Psychosom Med. 2018 Apr;80(3):242-251. doi: 10.1097/PSY.0000000000000555.
Shared genetic background may explain phenotypic associations between depression and Type 2 diabetes (T2D). We aimed to study, on a genome-wide level, if genetic correlation and pleiotropic loci exist between depressive symptoms and T2D or glycemic traits.
We estimated single-nucleotide polymorphism (SNP)-based heritability and analyzed genetic correlation between depressive symptoms and T2D and glycemic traits with the linkage disequilibrium score regression by combining summary statistics of previously conducted meta-analyses for depressive symptoms by CHARGE consortium (N = 51,258), T2D by DIAGRAM consortium (N = 34,840 patients and 114,981 controls), fasting glucose, fasting insulin, and homeostatic model assessment of β-cell function and insulin resistance by MAGIC consortium (N = 58,074). Finally, we investigated pleiotropic loci using a bivariate genome-wide association study approach with summary statistics from genome-wide association study meta-analyses and reported loci with genome-wide significant bivariate association p value (p < 5 × 10). Biological annotation and function of significant pleiotropic SNPs were assessed in several databases.

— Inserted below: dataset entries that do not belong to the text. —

definition l2norm :: "real set \<Rightarrow> (real \<Rightarrow> cvec) \<Rightarrow> real" where
  "l2norm S f = sqrt (integral S (\<lambda>x. (norm (f x))\<^sup>2))"

text \<open>Graph of the maximal operator in L^2(S)^2 with boundary condition bc:
  (\<Psi>, F) with \<Psi> in the domain and F = T\<Psi>.\<close>
definition op_graph :: "cmat \<Rightarrow> (real \<Rightarrow> cmat) \<Rightarrow> real set \<Rightarrow> ((real \<Rightarrow> cvec) \<Rightarrow> bool)
    \<Rightarrow> (real \<Rightarrow> cvec) \<Rightarrow> (real \<Rightarrow> cvec) \<Rightarrow> bool" where
  "op_graph A V S bc \<Psi> F \<longleftrightarrow> sq_int S \<Psi> \<and> bc \<Psi> \<and> ode_rel A V S \<Psi> F \<and> sq_int S F"

definition resolvent_set :: "cmat \<Rightarrow> (real \<Rightarrow> cmat) \<Rightarrow> real set \<Rightarrow> ((real \<Rightarrow> cvec) \<Rightarrow> bool)
    \<Rightarrow> complex set" where
  "resolvent_set A V S bc = {z.
     (\<forall>f. sq_int S f \<longrightarrow> (\<exists>\<Psi> F. op_graph A V S bc \<Psi> F \<and>
          (AE x in lborel. x \<in> S \<longrightarrow> F x - z *s \<Psi> x = f x))) \<and>
     (\<exists>C. \<forall>\<Psi> F. op_graph A V S bc \<Psi> F \<longrightarrow>
          l2norm S \<Psi> \<le> C * l2norm S (\<lambda>x. F x - z *s \<Psi> x))}"

definition no_bc :: "(real \<Rightarrow> cvec) \<Rightarrow> bool" where "no_bc \<Psi> = True"

definition bc0 :: "cvec \<Rightarrow> (real \<Rightarrow> cvec) \<Rightarrow> bool" where
  "bc0 \<gamma> \<Psi> \<longleftrightarrow> (\<Sum>i\<in>UNIV. \<gamma> $ i * \<Psi> 0 $ i) = 0"

definition weyl_m :: "real set \<Rightarrow> (real \<Rightarrow> cvec) \<Rightarrow> (real \<Rightarrow> cvec) \<Rightarrow> complex" where
  "weyl_m S \<Theta> \<Phi> = (THE m. sq_int S (\<lambda>x. \<Theta> x + m *s \<Phi> x))"

end

theory Submission
  imports Defs
begin

(*
  The unitary matrix U conjugates the Dirac coefficients into the Hamiltonian ones:
  U A_D U^-1 = A_H and U V_D U^-1 = V_H. So Psi |-> U Psi maps solutions of D Psi = z Psi to
  solutions of H Psi = z Psi, turns the boundary condition (alpha U) Psi(0) = 0 into
  alpha Psi(0) = 0 and preserves L^2 norms; the operators are unitarily equivalent and have the
  same resolvent sets. The prescribed initial values satisfy Theta_D(0) = U^-1 Theta_H(0) and
  Phi_D(0) = U^-1 Phi_H(0), so uniqueness for the initial value problem (a Gronwall-type
  argument: the zero set of a solution is open and closed) gives Theta_D = U^-1 Theta_H and
  Phi_D = U^-1 Phi_H. Hence Theta_D + m Phi_D = U^-1 (Theta_H + m Phi_H) for every m, one side
  is square integrable exactly when the other is, and the Weyl coefficients coincide.
*)

lemma mat2_nth [simp]:
  "mat2 a b c d $ 1 $ 1 = a" "mat2 a b c d $ 1 $ 2 = b"
  "mat2 a b c d $ 2 $ 1 = c" "mat2 a b c d $ 2 $ 2 = d"
  by (simp_all add: mat2_def)

lemma vec2_nth [simp]: "vec2 a b $ 1 = a" "vec2 a b $ 2 = b"
  by (simp_all add: vec2_def)

lemma cmat_eq_iff:
  "(M :: cmat) = N \<longleftrightarrow> M$1$1 = N$1$1 \<and> M$1$2 = N$1$2 \<and> M$2$1 = N$2$1 \<and> M$2$2 = N$2$2"
  by (auto simp: vec_eq_iff forall_2)

lemma cvec_eq_iff: "(v :: cvec) = w \<longleftrightarrow> v$1 = w$1 \<and> v$2 = w$2"
  by (auto simp: vec_eq_iff forall_2)

lemma norm_cvec: "norm (v :: cvec) = sqrt ((cmod (v$1))\<^sup>2 + (cmod (v$2))\<^sup>2)"
  by (simp add: norm_vec_def L2_set_def sum_2)

lemma matrix_inv_eqI:
  fixes A B :: "'a::comm_ring_1 ^ 'n ^ 'n"
  assumes "A ** B = mat 1" "B ** A = mat 1"
  shows "matrix_inv A = B"
proof -
  have "A ** matrix_inv A = mat 1 \<and> matrix_inv A ** A = mat 1"
    unfolding matrix_inv_def by (rule someI_ex) (use assms in blast)
  then have "matrix_inv A ** A = mat 1" by blast
  have "matrix_inv A = matrix_inv A ** (A ** B)" by (simp add: assms(1))
  also have "\<dots> = B" by (simp add: matrix_mul_assoc \<open>matrix_inv A ** A = mat 1\<close>)
  finally show ?thesis .
qed

lemma matrix_conj_cancel:
  fixes P Q :: "'a::comm_ring_1 ^ 'n ^ 'n"
  assumes "Q ** P = mat 1"
  shows "Q ** (P ** A ** Q) ** P = A"
proof -
  have "Q ** (P ** A ** Q) ** P = (Q ** P) ** A ** (Q ** P)" by (simp add: matrix_mul_assoc)
  then show ?thesis by (simp add: assms)
qed

definition Uinv :: cmat where
  "Uinv = (1/2) *\<^sub>R mat2 (-1 - \<i>) (1 - \<i>) (-1 - \<i>) (-1 + \<i>)"

lemma Umat_Uinv: "Umat ** Uinv = mat 1" and Uinv_Umat: "Uinv ** Umat = mat 1"
  by (simp_all add: cmat_eq_iff Umat_def Uinv_def matrix_matrix_mult_def sum_2 mat_def
      complex_eq_iff)

lemma matrix_inv_Umat: "matrix_inv Umat = Uinv"
  by (rule matrix_inv_eqI[OF Umat_Uinv Uinv_Umat])

lemma norm_Umat_mult: "norm (Umat *v v) = norm v"
  by (simp add: norm_cvec Umat_def matrix_vector_mult_def sum_2 cmod_power2)
     (simp add: power2_eq_square field_simps)

lemma A_H_conj: "A_H = Umat ** A_D ** Uinv"
  by (simp add: cmat_eq_iff Umat_def Uinv_def A_H_def A_D_def sigma3_def sigma4_def
      matrix_matrix_mult_def sum_2 complex_eq_iff algebra_simps)

lemma V_H_conj: "V_H q = (\<lambda>x. Umat ** V_D q x ** Uinv)"
  by (simp add: fun_eq_iff cmat_eq_iff Umat_def Uinv_def V_H_def V_D_def
      matrix_matrix_mult_def sum_2 complex_eq_iff algebra_simps)

lemma norm_A_D_mult: "norm (A_D *v v) = norm v"
  by (simp add: norm_cvec A_D_def sigma3_def matrix_vector_mult_def sum_2 norm_mult)

lemma norm_V_D_mult: "norm (V_D q x *v v) = cmod (q x) * norm v"
  by (simp add: norm_cvec V_D_def matrix_vector_mult_def sum_2 norm_mult power_mult_distrib
      real_sqrt_mult flip: distrib_left)

lemma bc0_vector_matrix_mult: "bc0 (\<alpha> v* M) \<Psi> \<longleftrightarrow> bc0 \<alpha> (\<lambda>x. M *v \<Psi> x)"
  by (simp add: bc0_def sum_2 vector_matrix_mult_def matrix_vector_mult_def algebra_simps)

lemma exp_i_real: "exp (\<i> * complex_of_real t) = of_real (cos t) + \<i> * of_real (sin t)"
  by (simp add: cis_conv_exp[symmetric] complex_eq_iff)

lemma exp_minus_i_real: "exp (- \<i> * complex_of_real t) = of_real (cos t) - \<i> * of_real (sin t)"
  using exp_i_real[of "-t"] by simp

lemma matrix_vector_mult_scalar: "(P :: cmat) *v (c *s v) = c *s (P *v v)"
  by (simp add: vec_eq_iff matrix_vector_mult_def sum_2 algebra_simps)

The SNP-based heritability ranged from 0.04 to 0.10 in each individual trait. In the linkage disequilibrium score regression analyses, depressive symptoms showed no significant genetic correlation with T2D or glycemic traits (p > 0.37). However, we identified pleiotropic genetic variations for depressive symptoms and T2D (in the IGF2BP2, CDKAL1, CDKN2B-AS, and PLEKHA1 genes), and fasting glucose (in the MADD, CDKN2B-AS, PEX16, and MTNR1B genes).

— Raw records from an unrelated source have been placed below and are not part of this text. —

(* There exist absolute constants $C_1,C_2>0$ and $C_3>1$ with the following property. Let $(V_o,w_o,\mu_o)$ be any simple weighted graph with adapted weight $\sigma_o$, and let $(V,w,\mu)$ be its modified graph with any weight $\mathfrak n$. Define the bounded function $\mathcal U$ on $V$ by $\mathcal U(x)=-C_1$ for $x\in V\setminus V_o$ and $\mathcal U(x)=C_2$ for $x\in V_o$. Then there exists a function $\varphi$ on $V$ with $1\le\varphi\le C_3$ and \[(\Delta+\mathcal U)\varphi\ge0\quad\text{on }V,\] where $\Delta$ is the formal Laplacian of $(V,w,\mu)$.
   Context: **Weighted graphs.** A simple weighted graph $(V,w,\mu)$ consists of a countably infinite set $V$, a symmetric function $w:V\times V\to[0,\infty)$ and a function $\mu:V\to(0,\infty)$. The graph with edges $\{x\sim y:w(x,y)>0\}$ is assumed to be locally finite, connected, and without loops or multiple edges. **Adapted weights.** An adapted weight is a symmetric $\sigma:E\to(0,1]$ with $\frac1{\mu(x)}\sum_y w(x,y)\sigma(x,y)^2\le1$ for all $x$. **Formal Laplacian.** $\Delta u(x)=\frac1{\mu(x)}\sum_y w(x,y)(u(x)-u(y))$. **Modified graph.** Fix an orientation $E_o^+$ of $E_o$, and let $\mathfrak n:E_o\to\mathbb N_+$ be symmetric with $\mathfrak n\ge2$. For $e=(x,y)\in E_o^+$, add distinct new vertices $x^e_1,\dots,x^e_{\mathfrak n(e)-1}$, set $x_0^e=x$, $x^e_{\mathfrak n(e)}=y$, and replace the edge $x\sim y$ by the path $x^e_0\sim\cdots\sim x^e_{\mathfrak n(e)}$. Weights and measure: - $w(x^e_i,x^e_{i+1})=\mathfrak n(e)w_o(e)$, symmetric, and $w=0$ otherwise; - $\mu=\mu_o$ on $V_o$, and $\mu(x^e_i)=2w_o(e)\sigma_o(e)^2/\mathfrak n(e)$ for $1\le i\le\mathfrak n(e)-1$. *)

theory Defs
  imports "HOL-Analysis.Analysis"
begin

text \<open>Simple weighted graphs. The countably infinite vertex set is taken, without loss of
generality, to be an infinite subset of nat (so that constants can be absolute).\<close>

definition simple_weighted_graph :: "nat set \<Rightarrow> (nat \<Rightarrow> nat \<Rightarrow> real) \<Rightarrow> (nat \<Rightarrow> real) \<Rightarrow> bool" where
  "simple_weighted_graph V w \<mu> \<longleftrightarrow>
     infinite V \<and>
     (\<forall>x y. w x y = w y x) \<and> (\<forall>x y. w x y \<ge> 0) \<and>
     (\<forall>x y. w x y > 0 \<longrightarrow> x \<in> V \<and> y \<in> V) \<and>
     (\<forall>x\<in>V. \<mu> x > 0) \<and>
     (\<forall>x. w x x = 0) \<and>
     (\<forall>x\<in>V. finite {y. w x y > 0}) \<and>
     (\<forall>x\<in>V. \<forall>y\<in>V. (x, y) \<in> {(a, b). w a b > 0}\<^sup>*)"

definition edges :: "(nat \<Rightarrow> nat \<Rightarrow> real) \<Rightarrow> (nat \<times> nat) set" where
  "edges w = {(x, y). w x y > 0}"

definition adapted_weight ::
  "(nat \<Rightarrow> nat \<Rightarrow> real) \<Rightarrow> (nat \<Rightarrow> real) \<Rightarrow> (nat \<Rightarrow> nat \<Rightarrow> real) \<Rightarrow> bool" where
  "adapted_weight w \<mu> \<sigma> \<longleftrightarrow>
     (\<forall>(x, y) \<in> edges w. \<sigma> x y = \<sigma> y x \<and> 0 < \<sigma> x y \<and> \<sigma> x y \<le> 1) \<and>
     (\<forall>x. (\<exists>y. w x y > 0) \<longrightarrow>
        (1 / \<mu> x) * (\<Sum>y\<in>{y. w x y > 0}. w x y * (\<sigma> x y)\<^sup>2) \<le> 1)"

definition orientation :: "(nat \<Rightarrow> nat \<Rightarrow> real) \<Rightarrow> (nat \<times> nat) set \<Rightarrow> bool" where
  "orientation w Ep \<longleftrightarrow> Ep \<subseteq> edges w \<and>
     (\<forall>(x, y) \<in> edges w. ((x, y) \<in> Ep) \<noteq> ((y, x) \<in> Ep))"

definition admissible_n :: "(nat \<Rightarrow> nat \<Rightarrow> real) \<Rightarrow> (nat \<Rightarrow> nat \<Rightarrow> nat) \<Rightarrow> bool" where
  "admissible_n w nn \<longleftrightarrow> (\<forall>(x, y) \<in> edges w. nn x y = nn y x \<and> nn x y \<ge> 2)"

text \<open>Vertices of the modified graph: original vertices, and new vertices x^e_i
  for e = (x,y) in the orientation, 1 \<le> i \<le> n(e)-1.\<close>
datatype mvert = Orig nat | New nat nat nat

definition pv :: "nat \<Rightarrow> nat \<Rightarrow> nat \<Rightarrow> nat \<Rightarrow> mvert" where
  "pv x y n i = (if i = 0 then Orig x else if i = n then Orig y else New x y i)"

definition mod_V :: "nat set \<Rightarrow> (nat \<times> nat) set \<Rightarrow> (nat \<Rightarrow> nat \<Rightarrow> nat) \<Rightarrow> mvert set" where
  "mod_V V Ep nn = Orig ` V \<union> {New x y i | x y i. (x, y) \<in> Ep \<and> 1 \<le> i \<and> i \<le> nn x y - 1}"

definition mod_edge :: "(nat \<times> nat) set \<Rightarrow> (nat \<Rightarrow> nat \<Rightarrow> nat) \<Rightarrow> mvert \<Rightarrow> mvert \<Rightarrow> nat \<Rightarrow> nat \<Rightarrow> nat \<Rightarrow> bool" where
  "mod_edge Ep nn u v x y i \<longleftrightarrow> (x, y) \<in> Ep \<and> i < nn x y \<and>
     ((u = pv x y (nn x y) i \<and> v = pv x y (nn x y) (Suc i)) \<or>
      (v = pv x y (nn x y) i \<and> u = pv x y (nn x y) (Suc i)))"

definition mod_w :: "(nat \<Rightarrow> nat \<Rightarrow> real) \<Rightarrow> (nat \<times> nat) set \<Rightarrow> (nat \<Rightarrow> nat \<Rightarrow> nat) \<Rightarrow> mvert \<Rightarrow> mvert \<Rightarrow> real" where
  "mod_w w Ep nn u v =
     (if \<exists>x y i. mod_edge Ep nn u v x y i
      then (case SOME e. \<exists>i. mod_edge Ep nn u v (fst e) (snd e) i of
              (x, y) \<Rightarrow> real (nn x y) * w x y)
      else 0)"

definition mod_mu :: "(nat \<Rightarrow> nat \<Rightarrow> real) \<Rightarrow> (nat \<Rightarrow> real) \<Rightarrow> (nat \<Rightarrow> nat \<Rightarrow> real) \<Rightarrow> (nat \<Rightarrow> nat \<Rightarrow> nat) \<Rightarrow> mvert \<Rightarrow> real" where
  "mod_mu w \<mu> \<sigma> nn v = (case v of Orig x \<Rightarrow> \<mu> x
       | New x y i \<Rightarrow> 2 * w x y * (\<sigma> x y)\<^sup>2 / real (nn x y))"

definition laplacian :: "('v \<Rightarrow> 'v \<Rightarrow> real) \<Rightarrow> ('v \<Rightarrow> real) \<Rightarrow> ('v \<Rightarrow> real) \<Rightarrow> 'v \<Rightarrow> real" where
  "laplacian w \<mu> u x = (1 / \<mu> x) * (\<Sum>y\<in>{y. w x y \<noteq> 0}. w x y * (u x - u y))"

end

theory Submission
  imports Defs
begin

text \<open>Take \<open>\<phi> = 1\<close> on the original vertices and, along the path of length \<open>n\<close> replacing an
edge \<open>e\<close>, the parabola \<open>\<phi>(x\<^sup>e\<^sub>i) = 1 + 2 \<sigma>(e)\<^sup>2 t (1 - t)\<close> with \<open>t = i/n\<close>; then \<open>1 \<le> \<phi> \<le> 3/2\<close>.
At an inner path vertex the Laplacian is a rescaled second difference of the parabola, which the
choice \<open>\<mu>(x\<^sup>e\<^sub>i) = 2 w(e) \<sigma>(e)\<^sup>2/n\<close> makes exactly \<open>2\<close>. At an original vertex \<open>x\<close> each incident edge
contributes at least \<open>-2 w(x,y) \<sigma>(x,y)\<^sup>2\<close>, so adaptedness of \<open>\<sigma>\<close> gives \<open>\<Delta>\<phi>(x) \<ge> -2\<close>.\<close>

lemma pv_eq_New_iff: "pv x y n i = New a b j \<longleftrightarrow> i \<noteq> 0 \<and> i \<noteq> n \<and> a = x \<and> b = y \<and> j = i"
  by (auto simp: pv_def)

lemma pv_eq_Orig_iff: "pv x y n i = Orig z \<longleftrightarrow> i = 0 \<and> z = x \<or> i \<noteq> 0 \<and> i = n \<and> z = y"
  by (auto simp: pv_def)

lemma mod_edge_unique:
  assumes "\<forall>(a, b)\<in>Ep. 2 \<le> nn a b"
    and "mod_edge Ep nn u v x y i" and "mod_edge Ep nn u v x' y' i'"
  shows "x' = x \<and> y' = y"
proof -
  have "2 \<le> nn x y" "2 \<le> nn x' y'" using assms by (auto simp: mod_edge_def)
  then show ?thesis using assms(2,3) unfolding mod_edge_def pv_def by (auto split: if_splits)
qed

We found no significant overall genetic correlations between depressive symptoms, T2D, or glycemic traits suggesting major differences in underlying biology of these traits. However, several potential pleiotropic loci were identified between depressive symptoms, T2D, and fasting glucose, suggesting that previously established phenotypic associations may be partly explained by genetic variation in these specific loci.
共同的遗传背景可能可以解释抑郁和 2 型糖尿病(T2D)之间的表型关联。我们旨在在全基因组水平上研究抑郁症状与 T2D 或血糖特征之间是否存在遗传相关性和多效性位点。
我们通过结合 CHARGE 联盟(N=51258)先前进行的抑郁症状元分析的汇总统计数据,使用连锁不平衡评分回归,估计基于单核苷酸多态性(SNP)的遗传率,并分析抑郁症状与 T2D 和血糖特征之间的遗传相关性。T2D 由 DIAGRAM 联盟(N=34840 例患者和 114981 例对照)、空腹血糖、空腹胰岛素和 MAGIC 联盟(N=58074)的稳态模型评估β细胞功能和胰岛素抵抗进行分析。最后,我们使用来自全基因组关联研究荟萃分析的汇总统计数据,使用双变量全基因组关联研究方法,研究多效性位点,并报告具有全基因组显著双变量关联 p 值(p < 5×10)的多效性位点。在几个数据库中评估了显著多效性 SNP 的生物学注释和功能。
在每个个体特征中,SNP 基于的遗传率范围为 0.04 至 0.10。在连锁不平衡评分回归分析中,抑郁症状与 T2D 或血糖特征之间没有显著的遗传相关性(p>0.37)。然而,我们确定了抑郁症状和 T2D(在 IGF2BP2、CDKAL1、CDKN2B-AS 和 PLEKHA1 基因中)以及空腹血糖(在 MADD、CDKN2B-AS、PEX16 和 MTNR1B 基因中)的多效性遗传变异。
我们没有发现抑郁症状、T2D 或血糖特征之间存在显著的总体遗传相关性,这表明这些特征的潜在生物学差异很大。然而,在抑郁症状、T2D 和空腹血糖之间确定了几个潜在的多效性位点,这表明先前建立的表型关联可能部分解释为这些特定位点的遗传变异。